Environmental decision making under uncertainty

Many contexts require decisions that concern, or dependent on, the environment. The construction of flood defences, the management of water reserves, and the planning of heating systems are cases in point. Rational decisions are based on the best available evidence. Since environmental decisions often concern planning for the future, this evidence comes in the form of outputs from scientific models. Scientists construct and run models of hurricanes in the North Atlantic, the precipitation in the British Midlands, and the occurrence of earth quakes in California. These phenomena are complex, and often there is no agreement among scientist about how to model them best. As a result, we often find a range of different models that represent the same system in different ways. These models can produce different, and sometimes conflicting, predictions about the future behaviour of the system. Nevertheless, it is often impossible to decide between these models using currently available empirical evidence, and so what science ends up providing is “ensemble” of different models. This ensemble is indicative of scientific uncertainty about the target system. The consequences of this uncertainty for decision making are severe. Rather than being handed a clear-cut prediction about a system’s future behaviour, decision-makers are now confronted with an ensemble of different models. How are they to make decisions on the basis of such an ensemble? In a recent paper Joe Roussos, Richard Bradley and I reflect on this question. We first show that the standard methodology of working with model averages is misleading, and we then develop an alternative approach to decision-making under uncertainty, which we call the confidence approach:

Making Confident Decisions with Model EnsemblesPhilosophy of Science 88(3), 2021, 439-460, with Joe Roussos and Richard Bradley.

We offer a simplified and more intuitive description of the central ideas of our approach in this paper:

Environmental Decision-Making under Uncertainty, in Wenceslao J. González (ed.): Current Trends in Philosophy of Science. A Prospective for the Near Future. Synthese Library. Cham: Springer, 2022, 45-62.

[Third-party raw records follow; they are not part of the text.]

(* Let $q$ be a prime power and let $n,k$ be integers with $5\le k$ and $k\le n-2\le q-2$. Let $\alpha_1,\dots,\alpha_n\in\mathbb{F}_q$ be pairwise distinct, let $G_{k-1,k-2}$ be the $k\times n$ matrix whose rows are $(\alpha_1^{e},\dots,\alpha_n^{e})$ for $e=0,1,\dots,k-3,k,k+1$, let $\mathbf{v}=(v_1,\dots,v_n)\in(\mathbb{F}_q^* )^n$, and let $C_{\mathbf v}$ be the linear code generated by $G_{k-1,k-2}\cdot\mathrm{diag}(v_1,\dots,v_n)$. Let $u_i=\prod_{j\ne i}(\alpha_i-\alpha_j)^{-1}$ for $1\le i\le n$ and $S_t=S_t(\alpha_1,\dots,\alpha_n)$. Then $C_{\mathbf v}$ is self-orthogonal if and only if there exists a polynomial $f(x)=f_0+f_1x+\dots+f_{n-2k}x^{n-2k}\in\mathbb{F}_q[x]$ such that (1) $v_i^2=u_if(\alpha_i)$ for all $1\le i\le n$; (2) $f_{n-2k-1}+f_{n-2k}S_1=0$; (3) $f_{n-2k-2}+f_{n-2k-1}S_1+f_{n-2k}S_2=0$; (4) $f_{n-2k-3}+f_{n-2k-2}S_1+f_{n-2k-1}S_2+f_{n-2k}S_3=0$, where $f_j=0$ for $j<0$.
   Context: Convention: $0^0=1$. $S_t(x_1,\dots,x_m)=\sum_{t_1+\dots+t_m=t,\ t_i\ge0}x_1^{t_1}\cdots x_m^{t_m}$ is the complete homogeneous symmetric polynomial of degree $t$ ($S_0=1$). A linear code $C$ is self-orthogonal if $C\subseteq C^\perp$, where $C^\perp$ is the dual with respect to the Euclidean inner product $\langle x,y\rangle=\sum_i x_iy_i$. *)

theory Defs
  imports "HOL-Computational_Algebra.Polynomial" "HOL-Library.FuncSet" "HOL-Library.Cardinality"
begin

text \<open>Vectors of length n over a field are functions nat => 'a, coordinates 0..n-1,
  required to vanish outside {0..<n}.\<close>

definition row_span :: "nat \<Rightarrow> nat \<Rightarrow> (nat \<Rightarrow> nat \<Rightarrow> 'a::field) \<Rightarrow> (nat \<Rightarrow> 'a) set" where
  "row_span m n G = {c. \<exists>l :: nat \<Rightarrow> 'a. c = (\<lambda>i. if i < n then (\<Sum>r<m. l r * G r i) else 0)}"

definition dual_code :: "nat \<Rightarrow> (nat \<Rightarrow> 'a::field) set \<Rightarrow> (nat \<Rightarrow> 'a) set" where
  "dual_code n C = {y. (\<forall>i\<ge>n. y i = 0) \<and> (\<forall>c\<in>C. (\<Sum>i<n. c i * y i) = 0)}"

definition self_orthogonal :: "nat \<Rightarrow> (nat \<Rightarrow> 'a::field) set \<Rightarrow> bool" where
  "self_orthogonal n C \<longleftrightarrow> C \<subseteq> dual_code n C"

definition gen_exp :: "nat \<Rightarrow> nat \<Rightarrow> nat" where
  "gen_exp k r = (if r < k - 2 then r else r + 2)"

definition gen_mat :: "nat \<Rightarrow> (nat \<Rightarrow> 'a::field) \<Rightarrow> (nat \<Rightarrow> 'a) \<Rightarrow> nat \<Rightarrow> nat \<Rightarrow> 'a" where
  "gen_mat k \<alpha> v r i = \<alpha> i ^ gen_exp k r * v i"

definition hsym :: "nat \<Rightarrow> (nat \<Rightarrow> 'a::comm_semiring_1) \<Rightarrow> nat \<Rightarrow> 'a" where
  "hsym n \<alpha> t = (\<Sum>ts\<in>{ts \<in> {0..<n} \<rightarrow>\<^sub>E {..t}. (\<Sum>i<n. ts i) = t}. \<Prod>i<n. \<alpha> i ^ ts i)"

definition u_coef :: "nat \<Rightarrow> (nat \<Rightarrow> 'a::field) \<Rightarrow> nat \<Rightarrow> 'a" where
  "u_coef n \<alpha> i = (\<Prod>j\<in>{0..<n} - {i}. inverse (\<alpha> i - \<alpha> j))"

definition icoeff :: "'a::zero poly \<Rightarrow> int \<Rightarrow> 'a" where
  "icoeff f j = (if j < 0 then 0 else coeff f (nat j))"

end

theory Submission
  imports Defs
begin

text \<open>Self-orthogonality means \<open>\<Sum>i<n. v i ^ 2 * \<alpha> i ^ m = 0\<close> for every sum \<open>m\<close> of two of the
  exponents \<open>0, \<dots>, k - 3, k, k + 1\<close>, i.e. for \<open>m \<le> 2k - 2\<close> and \<open>m = 2k, 2k + 1, 2k + 2\<close>.
  Lagrange interpolation gives \<open>v i ^ 2 = u i * f (\<alpha> i)\<close> with \<open>deg f < n\<close>, which turns the sum
  into \<open>\<Sum>j. f\<^sub>j * (\<Sum>i<n. u i * \<alpha> i ^ (j + m))\<close>. The inner sum is the divided difference of
  \<open>x ^ (j + m)\<close> at the nodes: \<open>0\<close> for \<open>j + m < n - 1\<close> and \<open>S (j + m - n + 1)\<close> otherwise. So the sums for
  \<open>m \<le> 2k - 2\<close> vanish iff \<open>deg f \<le> n - 2k\<close> (the first sum that does not vanish is the leading
  coefficient of \<open>f\<close>), and the three remaining sums are the left-hand sides of (2)--(4).\<close>

lemma hsym_no_vars: "hsym 0 \<alpha> t = (if t = 0 then 1 else 0)"
  by (simp add: hsym_def PiE_empty_domain)

lemma hsym_Suc:
  "hsym (Suc n) \<alpha> t = (\<Sum>s\<le>t. \<alpha> n ^ s * hsym n \<alpha> (t - s))"
proof -
  define A :: "nat \<Rightarrow> nat \<Rightarrow> (nat \<Rightarrow> nat) set"
    where "A m u = {ts \<in> {0..<m} \<rightarrow>\<^sub>E {..u}. (\<Sum>i<m. ts i) = u}" for m u
  have "hsym (Suc n) \<alpha> t = (\<Sum>ts\<in>A (Suc n) t. \<Prod>i<Suc n. \<alpha> i ^ ts i)"
    by (simp add: hsym_def A_def)
  also have "\<dots> = (\<Sum>(s, g)\<in>(SIGMA s:{..t}. A n (t - s)). \<Prod>i<Suc n. \<alpha> i ^ (g(n := s)) i)"
  proof (rule sum.reindex_bij_witness[where i = "\<lambda>(s, g). g(n := s)" and j = "\<lambda>ts. (ts n, ts(n := undefined))"])
    fix ts assume ts: "ts \<in> A (Suc n) t"
    then have le: "ts i \<le> t - ts n" if "i < n" for i
      using member_le_sum[of i "{..<n}" ts] that by (auto simp: A_def)
    show "(ts n, ts(n := undefined)) \<in> (SIGMA s:{..t}. A n (t - s))"
      using ts le by (auto simp: A_def PiE_iff extensional_def)
  next
    fix sg assume "sg \<in> (SIGMA s:{..t}. A n (t - s))"
    then show "(case sg of (s, g) \<Rightarrow> g(n := s)) \<in> A (Suc n) t"
      by (force simp: A_def PiE_iff extensional_def less_Suc_eq split: prod.splits)
  next
    fix sg assume "sg \<in> (SIGMA s:{..t}. A n (t - s))"
    then show "(\<lambda>ts. (ts n, ts(n := undefined))) (case sg of (s, g) \<Rightarrow> g(n := s)) = sg"
      by (auto simp: A_def PiE_iff extensional_def fun_eq_iff split: prod.splits)
  qed (auto simp: A_def)
  also have "\<dots> = (\<Sum>s\<le>t. \<Sum>g\<in>A n (t - s). \<alpha> n ^ s * (\<Prod>i<n. \<alpha> i ^ g i))"
    by (subst sum.Sigma) (auto simp: A_def finite_PiE mult.commute intro!: sum.cong)
  also have "\<dots> = (\<Sum>s\<le>t. \<alpha> n ^ s * hsym n \<alpha> (t - s))"
    by (simp add: hsym_def A_def sum_distrib_left)
  finally show ?thesis .
qed

lemma hsym_degree_0 [simp]: "hsym n \<alpha> 0 = 1"
  by (induction n) (simp_all add: hsym_no_vars hsym_Suc)

lemma hsym_Suc_Suc: "hsym (Suc n) \<alpha> (Suc t) = hsym n \<alpha> (Suc t) + \<alpha> n * hsym (Suc n) \<alpha> t"
  by (simp only: hsym_Suc sum.atMost_Suc_shift) (simp add: sum_distrib_left mult.assoc)

lemma hsym_one_var: "hsym (Suc 0) \<alpha> t = \<alpha> 0 ^ t"
  by (induction t) (simp_all add: hsym_Suc_Suc hsym_no_vars)

definition divdiff_power :: "(nat \<Rightarrow> 'a::field) \<Rightarrow> nat set \<Rightarrow> nat \<Rightarrow> 'a" where
  "divdiff_power \<alpha> B m = (\<Sum>i\<in>B. \<alpha> i ^ m * (\<Prod>j\<in>B - {i}. inverse (\<alpha> i - \<alpha> j)))"

lemma divdiff_power_Suc:
  assumes "finite B" and "inj_on \<alpha> B" and "a \<in> B"
  shows "divdiff_power \<alpha> B (Suc m) = \<alpha> a * divdiff_power \<alpha> B m + divdiff_power \<alpha> (B - {a}) m"
proof -
  let ?w = "\<lambda>B i. \<Prod>j\<in>B - {i}. inverse (\<alpha> i - \<alpha> j)"
  have remove_a: "(\<alpha> i - \<alpha> a) * ?w B i = ?w (B - {a}) i" if i: "i \<in> B - {a}" for i
  proof -
    have "B - {i} = insert a (B - {a} - {i})" using i assms(3) by auto
    moreover have "\<alpha> i \<noteq> \<alpha> a" using i assms(2,3) by (auto dest: inj_onD)
    ultimately show ?thesis using assms(1) by simp
  qed
  have "divdiff_power \<alpha> B (Suc m) - \<alpha> a * divdiff_power \<alpha> B m
      = (\<Sum>i\<in>B. \<alpha> i ^ m * ((\<alpha> i - \<alpha> a) * ?w B i))"
    unfolding divdiff_power_def by (simp add: sum_distrib_left sum_subtractf[symmetric] algebra_simps)
  also have "\<dots> = (\<Sum>i\<in>B - {a}. \<alpha> i ^ m * ((\<alpha> i - \<alpha> a) * ?w B i))"
    using assms by (intro sum.mono_neutral_right) auto
  also have "\<dots> = divdiff_power \<alpha> (B - {a}) m"
    unfolding divdiff_power_def by (intro sum.cong) (simp_all add: remove_a)
  finally show ?thesis by (simp add: algebra_simps)
qed

lemma divdiff_power_below:
  assumes "finite B" and "inj_on \<alpha> B" and "card B = Suc n" and "m \<le> n"
  shows "divdiff_power \<alpha> B m = (if m = n then 1 else 0)"
  using assms
proof (induction n arbitrary: B m)
  case 0
  then obtain a where "B = {a}" by (auto simp: card_Suc_eq)
  then show ?case using 0 by (simp add: divdiff_power_def)
next
  case (Suc n)
  obtain a b where ab: "a \<in> B" "b \<in> B" "a \<noteq> b"
    using Suc.prems(3) by (metis card_Suc_eq insert_iff)
  have IH: "divdiff_power \<alpha> (B - {c}) m = (if m = n then 1 else 0)" if "c \<in> B" "m \<le> n" for c m
    using Suc.IH[of "B - {c}" m] Suc.prems that by (simp add: inj_on_diff)
  have rec: "divdiff_power \<alpha> B (Suc m) = \<alpha> c * divdiff_power \<alpha> B m + divdiff_power \<alpha> (B - {c}) m"
    if "c \<in> B" for c m
    using divdiff_power_Suc Suc.prems(1,2) that by blast
  \<comment> \<open>Both sides equal \<open>divdiff_power \<alpha> B 1\<close>; as \<open>\<alpha> a \<noteq> \<alpha> b\<close> this forces \<open>divdiff_power \<alpha> B 0 = 0\<close>.\<close>
  have "\<alpha> a * divdiff_power \<alpha> B 0 + divdiff_power \<alpha> (B - {a}) 0
      = \<alpha> b * divdiff_power \<alpha> B 0 + divdiff_power \<alpha> (B - {b}) 0"
    using rec[OF ab(1)] rec[OF ab(2)] by metis
  then have "(\<alpha> a - \<alpha> b) * divdiff_power \<alpha> B 0 = 0"
    using IH ab by (simp add: algebra_simps)
  moreover have "\<alpha> a \<noteq> \<alpha> b" using ab Suc.prems(2) by (auto dest: inj_onD)
  ultimately have zero: "divdiff_power \<alpha> B 0 = 0" by simp
  have "divdiff_power \<alpha> B m = (if m = Suc n then 1 else 0)" if "m \<le> Suc n" for m
    using that
  proof (induction m)
    case (Suc m)
    then show ?case using rec[OF ab(1), of m] IH[OF ab(1), of m] by simp
  qed (simp add: zero)
  then show ?case using Suc.prems(4) .
qed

This project has developed in close collaboration first with XL Catlin and Axa XL, and then with Maximum Information. The specific case we’re looking is insurance companies’ cover for damage resulting from hurricanes in the North Atlantic. The outputs of hurricane models play an important role in pricing decisions for insurance premiums, and insurers find themselves in the multi model situation mentioned earlier. With the support of a grant from the Lighthill Risk Network, the project  Toward the Development of a Decision-Theoretic Framework for enhanced Cat Risk Management will spend the academic year 2021-22 working toward an implementation of our general framework for concrete decision-making in the insurance sector. The project is carried out in partnership with Maximum Information and reask, and involves collaboration with Aon, MS Amlin, Liberty Syndicates, Guy Carpenter, Lloyd’s, and Hiscox.

This project has produced a web-platform, which implements the conficende approach in the context of insurance pricing. The platform is open access and it can be found here. An associate blog post can be found here.

A discussion of some of the background of (and motivatino for) the confindence approach can be found in the following:

Models and Theories. A Philosophical Inquiry. London: Routledge 2023, Chapter 15.

Climate Models and Robustness Analysis – Part I: Core Concepts and Premises, in Gianfranco Pellegrino and Marcello Di Paola (eds.): Handbook of Philosophy of Climate Change. Cham: Springer, 2023, 67-88, with Margherita Harris.

Climate Models and Robustness Analysis – Part II: The Justificatory Challenge, in Gianfranco Pellegrino and Marcello Di Paola (eds.): Handbook of Philosophy of Climate Change. Cham: Springer, 2023, 89-103, with Margherita Harris.